Here, I try to understand your meaning.

  1. In our method for training the generator, we first convert XY="A goes to the bank => A catches a fish" into h_{xy}, and then find the closer vector X. Finally, we find background knowledge according to X (closer distance).
  2. In your method for training the generator, we can directly convert "A goes to the bank => A catches a fish" into h_{xy}, and then find background knowledge according to h_{xy} (closer distance).

I am not sure whether I correctly understand your meaning.

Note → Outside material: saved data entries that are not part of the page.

lemma cumulant_join_block:
  fixes m :: "'a set \<Rightarrow> 'r::comm_ring_1"
  assumes "a \<in> S" "b \<in> S" "a \<noteq> b"
  shows "cumulant (S - {a}) (\<lambda>D. m (join_block a b D))
    = (\<Sum>\<gamma> | partition_on S \<gamma> \<and> (\<exists>C\<in>\<gamma>. a \<in> C \<and> b \<in> C).
        of_int (partition_mobius (card \<gamma>)) * (\<Prod>C\<in>\<gamma>. m C))"
  unfolding cumulant_def
proof (rule sum.reindex_bij_witness[of _ "\<lambda>\<gamma>. (\<lambda>D. D - {a}) ` \<gamma>" "\<lambda>\<beta>. join_block a b ` \<beta>"])
  fix \<beta> assume "\<beta> \<in> {\<beta>. partition_on (S - {a}) \<beta>}"
  note join = partition_on_join_block[OF _ assms, of \<beta>]
  then show "(\<lambda>D. D - {a}) ` join_block a b ` \<beta> = \<beta>"
    and "join_block a b ` \<beta> \<in> {\<gamma>. partition_on S \<gamma> \<and> (\<exists>C\<in>\<gamma>. a \<in> C \<and> b \<in> C)}"
    and "of_int (partition_mobius (card (join_block a b ` \<beta>))) * (\<Prod>C\<in>join_block a b ` \<beta>. m C)
      = of_int (partition_mobius (card \<beta>)) * (\<Prod>D\<in>\<beta>. m (join_block a b D))"
    using \<open>\<beta> \<in> _\<close> by (simp_all add: card_image prod.reindex)
next
  fix \<gamma> assume "\<gamma> \<in> {\<gamma>. partition_on S \<gamma> \<and> (\<exists>C\<in>\<gamma>. a \<in> C \<and> b \<in> C)}"
  then obtain C where \<gamma>: "partition_on S \<gamma>" and C: "C \<in> \<gamma>" "a \<in> C" "b \<in> C"
    by auto
  note remove = partition_on_remove_joined[OF \<gamma> C \<open>a \<noteq> b\<close>]
  then show "join_block a b ` (\<lambda>D. D - {a}) ` \<gamma> = \<gamma>"
    and "(\<lambda>D. D - {a}) ` \<gamma> \<in> {\<beta>. partition_on (S - {a}) \<beta>}"
    by simp_all
qed
lemma F_fun_le:
  assumes "(\<delta>, E) \<in> admissible_pairs X R x"
  shows "F_fun X R x \<le> set_norm E / \<delta>"
  unfolding F_fun_def using assms
  by (intro cInf_lower bdd_belowI[of _ 0])
    (force, auto simp: admissible_pairs_def set_norm_nonneg)

lemma F_fun_nonneg:
  assumes "admissible_pairs X R x \<noteq> {}"
  shows "0 \<le> F_fun X R x"
  unfolding F_fun_def using assms
  by (intro cInf_greatest) (auto simp: admissible_pairs_def set_norm_nonneg)

lemma F_fun_less_obtain:
  assumes "admissible_pairs X R x \<noteq> {}" and "F_fun X R x < y"
  obtains \<delta> E where "(\<delta>, E) \<in> admissible_pairs X R x" and "set_norm E / \<delta> < y"
proof -
  have "\<exists>v\<in>(\<lambda>(\<delta>, E). set_norm E / \<delta>) ` admissible_pairs X R x. v < y"
    using assms unfolding F_fun_def by (intro cInf_lessD) auto
  then show ?thesis
    using that by auto
qed

lemma good_pair_relators_exists:
  assumes "R \<subseteq> words X" and "(\<delta>, E) \<in> admissible_pairs X R x"
  obtains \<delta>' where "0 < \<delta>'" and "good_pair X R \<delta>' R (1 / x)"
proof
  define D where "D = (\<Sum>r\<in>E. area X R r)"
  have "finite E" and "0 < \<delta>"
    using assms(2) by (auto simp: admissible_pairs_def)
  then show "0 < \<delta> / (real D + 1)"
    by simp
  have "area X R r \<le> D" if "r \<in> E" for r
    unfolding D_def using \<open>finite E\<close> that by (intro member_le_sum) auto
  then show "good_pair X R (\<delta> / (real D + 1)) R (1 / x)"
    using assms \<open>0 < \<delta>\<close> unfolding admissible_pairs_def
    by (intro good_pair_relators[where D = D]) (auto simp: field_simps)
qed

lemma H_fun_le_admissible:
  assumes "R \<subseteq> words X" and "(\<delta>, E) \<in> admissible_pairs X R x"
    and "\<And>r. r \<in> E \<Longrightarrow> area X R r \<le> D"
  shows "H_fun X R x \<le> real D * (set_norm E / \<delta>)"
proof -
  have \<delta>: "0 < \<delta>" "\<delta> \<le> 1" and E: "finite E" "E \<subseteq> kernel X R"
    and good: "good_pair X R \<delta> E (1 / x)"
    using assms(2) by (auto simp: admissible_pairs_def)
  show ?thesis
  proof (cases "D = 0 \<or> set_norm E = 0")
    case True
    have "area X R r \<le> 0" if "r \<in> E" for r
      using True assms(3)[OF that] length_le_set_norm_div[OF E(1) that \<delta>] by (auto simp: area_Nil)
    then have "H_fun X R x = 0"
      using \<delta>(1) by (intro H_fun_eq_0 good_pair_relators[OF good E(2) assms(1), where D = 0]) auto
    moreover have "0 \<le> real D * (set_norm E / \<delta>)"
      using \<delta>(1) set_norm_nonneg by (intro mult_nonneg_nonneg divide_nonneg_pos) auto
    ultimately show ?thesis
      by simp
  next
    case False
    then have D: "0 < real D" and norm: "1 \<le> set_norm E"
      unfolding set_norm_def by (auto simp del: of_nat_sum)
    have "good_pair X R (\<delta> / real D) R (1 / x)"
      by (rule good_pair_relators[OF good E(2) assms(1,3)]) (use \<delta>(1) D in auto)
    then have "H_fun X R x \<le> 1 / (\<delta> / real D)"
      using \<delta>(1) D by (intro H_fun_le) auto
    also have "\<dots> = real D / \<delta>"
      by simp
    also have "\<dots> \<le> real D * (set_norm E / \<delta>)"
      using norm \<delta>(1) D by (simp add: divide_right_mono)
    finally show ?thesis .
  qed
qed
(* Fix an integer $m\ge 1$, a stochastic matrix $p\in\mathbb{R}^{m\times m}$ of an ergodic Markov chain on $[m]$ with equilibrium distribution $\pi$, constants $\alpha_1,\dots,\alpha_m>0$ with $\sum_i\alpha_i=1$, and $\lambda>0$. For every $n$ let $\sigma_n:[n]\to[m]$ have nonempty fibres $\mathcal{V}_k=\sigma_n^{-1}(k)$ with $\#\mathcal{V}_k=\alpha_kn+o(n)$, and let $X_1,\dots,X_\ell$, $\ell=\lambda n^2+o(n^2)$, be a sample path of the block Markov chain on $[n]$ with transition matrix $P_{ij}=p_{\sigma_n(i)\sigma_n(j)}/\#\mathcal{V}_{\sigma_n(j)}$, started from its equilibrium distribution $\Pi_X$. With $\hat N_{ij}=\sum_{t=1}^{\ell-1}\mathbf 1\{X_t=i,X_{t+1}=j\}$ and $$\hat Q=\operatorname{diag}\big((\ell+1)\Pi_X\big)^{-1/2}\big(\hat N-\mathbb{E}[\hat N]\big)\operatorname{diag}\big((\ell+1)\Pi_X\big)^{-1/2},$$ it holds as $n\to\infty$ that $$\max_{i,j\in[n]}\Big|\,n^2\operatorname{Var}[\hat Q_{ij}]-\lambda^{-1}\pi(\sigma_n(j))^{-1}p_{\sigma_n(i)\sigma_n(j)}\Big|=o(1).$$
   Context: $[n]=\{1,\dots,n\}$; $\operatorname{diag}(v)$ is the diagonal matrix with diagonal $v$. *)

theory Defs
  imports Complex_Main "HOL-Library.FuncSet" "HOL-Library.Landau_Symbols"
begin

(* States of the small chain are {1..m}; matrices are functions nat => nat => real. *)

fun mpow :: "nat \<Rightarrow> (nat \<Rightarrow> nat \<Rightarrow> real) \<Rightarrow> nat \<Rightarrow> nat \<Rightarrow> nat \<Rightarrow> real" where
  "mpow m p 0 i j = (if i = j then 1 else 0)"
| "mpow m p (Suc k) i j = (\<Sum>l\<in>{1..m}. mpow m p k i l * p l j)"

definition stochastic :: "nat \<Rightarrow> (nat \<Rightarrow> nat \<Rightarrow> real) \<Rightarrow> bool" where
  "stochastic m p \<longleftrightarrow> (\<forall>i\<in>{1..m}. \<forall>j\<in>{1..m}. p i j \<ge> 0) \<and>
                        (\<forall>i\<in>{1..m}. (\<Sum>j\<in>{1..m}. p i j) = 1)"

definition irreducible_chain :: "nat \<Rightarrow> (nat \<Rightarrow> nat \<Rightarrow> real) \<Rightarrow> bool" where
  "irreducible_chain m p \<longleftrightarrow> (\<forall>i\<in>{1..m}. \<forall>j\<in>{1..m}. \<exists>k. mpow m p k i j > 0)"

definition aperiodic_chain :: "nat \<Rightarrow> (nat \<Rightarrow> nat \<Rightarrow> real) \<Rightarrow> bool" where
  "aperiodic_chain m p \<longleftrightarrow> (\<forall>i\<in>{1..m}. Gcd {k. k > 0 \<and> mpow m p k i i > 0} = 1)"

definition ergodic_chain :: "nat \<Rightarrow> (nat \<Rightarrow> nat \<Rightarrow> real) \<Rightarrow> bool" where
  "ergodic_chain m p \<longleftrightarrow> stochastic m p \<and> irreducible_chain m p \<and> aperiodic_chain m p"

definition stationary_dist :: "nat \<Rightarrow> (nat \<Rightarrow> nat \<Rightarrow> real) \<Rightarrow> (nat \<Rightarrow> real) \<Rightarrow> bool" where
  "stationary_dist m p \<pi> \<longleftrightarrow> (\<forall>i\<in>{1..m}. \<pi> i \<ge> 0) \<and> (\<Sum>i\<in>{1..m}. \<pi> i) = 1 \<and>
      (\<forall>j\<in>{1..m}. (\<Sum>i\<in>{1..m}. \<pi> i * p i j) = \<pi> j)"

definition block_P :: "nat \<Rightarrow> (nat \<Rightarrow> nat) \<Rightarrow> (nat \<Rightarrow> nat \<Rightarrow> real) \<Rightarrow> nat \<Rightarrow> nat \<Rightarrow> real" where
  "block_P n \<sigma> p i j = p (\<sigma> i) (\<sigma> j) / real (card {v\<in>{1..n}. \<sigma> v = \<sigma> j})"

definition paths :: "nat \<Rightarrow> nat \<Rightarrow> (nat \<Rightarrow> nat) set" where
  "paths n l = ({1..l} \<rightarrow>\<^sub>E {1..n})"

definition path_weight :: "nat \<Rightarrow> (nat \<Rightarrow> nat \<Rightarrow> real) \<Rightarrow> (nat \<Rightarrow> real) \<Rightarrow> (nat \<Rightarrow> nat) \<Rightarrow> real" where
  "path_weight l P PX x = PX (x 1) * (\<Prod>t\<in>{1..<l}. P (x t) (x (Suc t)))"

definition expect :: "nat \<Rightarrow> nat \<Rightarrow> (nat \<Rightarrow> nat \<Rightarrow> real) \<Rightarrow> (nat \<Rightarrow> real) \<Rightarrow> ((nat \<Rightarrow> nat) \<Rightarrow> real) \<Rightarrow> real" where
  "expect n l P PX f = (\<Sum>x\<in>paths n l. path_weight l P PX x * f x)"

definition variance :: "nat \<Rightarrow> nat \<Rightarrow> (nat \<Rightarrow> nat \<Rightarrow> real) \<Rightarrow> (nat \<Rightarrow> real) \<Rightarrow> ((nat \<Rightarrow> nat) \<Rightarrow> real) \<Rightarrow> real" where
  "variance n l P PX f = expect n l P PX (\<lambda>x. (f x - expect n l P PX f)^2)"

definition Ncount :: "nat \<Rightarrow> nat \<Rightarrow> nat \<Rightarrow> (nat \<Rightarrow> nat) \<Rightarrow> real" where
  "Ncount l i j x = real (card {t\<in>{1..<l}. x t = i \<and> x (Suc t) = j})"

definition Qhat :: "nat \<Rightarrow> nat \<Rightarrow> (nat \<Rightarrow> nat \<Rightarrow> real) \<Rightarrow> (nat \<Rightarrow> real) \<Rightarrow> nat \<Rightarrow> nat \<Rightarrow> (nat \<Rightarrow> nat) \<Rightarrow> real" where
  "Qhat n l P PX i j x =
     (Ncount l i j x - expect n l P PX (Ncount l i j)) /
     (sqrt ((real l + 1) * PX i) * sqrt ((real l + 1) * PX j))"

end

theory Submission
  imports Defs
begin

text \<open>
  The count \<open>N\<close> of \<open>i\<close>-to-\<open>j\<close> transitions is a sum of \<open>\<ell> - 1\<close> indicators. By the Markov
  property the indicators at times \<open>t < s\<close> are jointly active with probability
  \<open>q P^(s-t-1)(j,i) P(i,j)\<close>, where \<open>q = \<Pi>\<^sub>X(i) P(i,j)\<close>; as \<open>P^k(j,i) \<rightarrow> \<Pi>\<^sub>X(i)\<close>, this gives
  \<open>|Var N - (\<ell> - 1) q| \<le> (\<ell> - 1) q P(i,j) (\<Pi>\<^sub>X(i) + 2 \<Sum>\<^sub>k |P^k(j,i) - \<Pi>\<^sub>X(i)|)\<close>.
  For the block chain \<open>\<Pi>\<^sub>X(i) = \<pi>(\<sigma> i) / #V(\<sigma> i)\<close> and, for \<open>k \<ge> 1\<close>,
  \<open>P^k(j,i) - \<Pi>\<^sub>X(i) = (p^k(\<sigma> j, \<sigma> i) - \<pi>(\<sigma> i)) / #V(\<sigma> i)\<close>, so the sum over \<open>k\<close> stays
  bounded: Doeblin's contraction makes \<open>p^k\<close> converge geometrically to \<open>\<pi>\<close>. After normalisation,
  \<open>n\<^sup>2 Var Q(i,j)\<close> is \<open>n\<^sup>2 (\<ell> - 1) / (\<ell> + 1)\<^sup>2 \<cdot> p(\<sigma> i, \<sigma> j) / \<pi>(\<sigma> j)\<close> up to a relative
  error \<open>O(P(i,j)) = O(1 / #V(\<sigma> j))\<close>, which vanishes, and the prefactor tends to \<open>1 / \<lambda>\<close>.
\<close>

section \<open>Powers of stochastic matrices\<close>

lemma mpow_0 [simp]: "mpow m p 0 i j = of_bool (i = j)"
  by simp

declare mpow.simps(1) [simp del]

lemma mpow_1: "i \<in> {1..m} \<Longrightarrow> mpow m p 1 i j = p i j"
  by simp

lemma stochastic_le_1:
  assumes "stochastic m p" "i \<in> {1..m}" "j \<in> {1..m}"
  shows "p i j \<le> 1"
proof -
  have "p i j \<le> (\<Sum>j\<in>{1..m}. p i j)"
    using assms unfolding stochastic_def by (intro member_le_sum) auto
  then show ?thesis using assms unfolding stochastic_def by simp
qed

The reason to use VQ-VAE is that inferences are unseen in the inference phase (mentioned in section 3.3.1). That is to say, we can only use "A goes to the bank" in the inference phase. For our method, we first convert X="A goes to the bank" into h_x and find top-k vectors in Equation 3 [X_1, X_2, X_3,...,X_k] that can help find different background knowledge (such as "john went to the teller" and "John went fishing") to infer, because each vector X_i contains different semantics.

For clustering method, we first convert "A goes to the bank" into h_x and then do a lookup by vector similarity. First, it's inconsistent between training phase h_{xy} and inference phase h_x. Second, it's hard to find background knowledge with different semantics only using h_x compared with [X_1, X_2, X_3,...,X_k].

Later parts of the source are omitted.